▶ [AIM OF THE TASK]:
When you reach the line in the data below that contains "d_pos by simp", please start repeating lines exactly, and stop after the line that contains "(vv eta lam d k)))", repeating nothing else.
━━━━━ DATA SHOWN ━━━━━
lemma D_same_sign_dvd_Q:
  assumes L: "\<And>c. L c dvd lin_minus c * lin_plus c"
  shows "(\<Prod>k<d. L (vv eta lam d k) * L (uu eta lam d k)) dvd Qpoly eta lam n d"
proof -
  have d0: "0 < d" using d_pos by simp
  have "(\<Prod>k<d. L (vv eta lam d k) * L (uu eta lam d k))
      = (\<Prod>k<d. L (vv eta lam d k)) * (\<Prod>k<d. L (uu eta lam d k))"
    by (rule prod.distrib)
  also have "\<dots> = (L (vv eta lam d 0) * (\<Prod>k\<in>{1..<d}. L (vv eta lam d k)))
      * (L (uu eta lam d (d - 1)) * (\<Prod>k<d - 1. L (uu eta lam d k)))"
    by (simp only: prod_split_first[OF d0, of "\<lambda>k. L (vv eta lam d k)"]
        prod_split_last[OF d0, of "\<lambda>k. L (uu eta lam d k)"])
  also have "\<dots> = (L (ww eta lam n d 0) * L (ww eta lam n d (n - 1)))
        * (\<Prod>k\<in>{1..<d}. L (vv eta lam d k)) * (\<Prod>k<d - 1. L (uu eta lam d k))"
    by (simp only: vv_first uu_last mult_ac)
  also have "\<dots> dvd Qpoly eta lam n d"
    unfolding Qpoly_eq using L
    by (intro mult_dvd_mono end_nodes_dvd_D4 prod_dvd_prod) auto
  finally show ?thesis .
qed

lemma D_dvd_Q:
  shows "D1 eta lam d dvd Qpoly eta lam n d" and "D2 eta lam d dvd Qpoly eta lam n d"
    and "D3 eta lam d dvd Qpoly eta lam n d" and "D4 eta lam n d dvd Qpoly eta lam n d"
proof -
  show "D1 eta lam d dvd Qpoly eta lam n d"
    unfolding D1_def by (rule D_same_sign_dvd_Q) simp
  show "D2 eta lam d dvd Qpoly eta lam n d"
    unfolding D2_def by (rule D_same_sign_dvd_Q) simp
  have "D3 eta lam d = (lin_minus (ww eta lam n d 0) * lin_plus (ww eta lam n d 0))
      * (\<Prod>k\<in>{1..<d}. lin_minus (vv eta lam d k) * lin_plus (vv eta lam d k))"
    using d_pos by (simp add: D3_def prod_split_first vv_first)
  also have "\<dots> dvd Qpoly eta lam n d"
    unfolding Qpoly_eq D4_def using d_lt_n by (intro dvd_mult2 mult_dvd_mono dvd_prodI) auto
  finally show "D3 eta lam d dvd Qpoly eta lam n d" .
  show "D4 eta lam n d dvd Qpoly eta lam n d"
    unfolding Qpoly_eq by simp
qed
━━━━━
▶ [SOLUTION FOR THIS PROBLEM]:
  have d0: "0 < d" using d_pos by simp
  have "(\<Prod>k<d. L (vv eta lam d k) * L (uu eta lam d k))
      = (\<Prod>k<d. L (vv eta lam d k)) * (\<Prod>k<d. L (uu eta lam d k))"
    by (rule prod.distrib)
  also have "\<dots> = (L (vv eta lam d 0) * (\<Prod>k\<in>{1..<d}. L (vv eta lam d k)))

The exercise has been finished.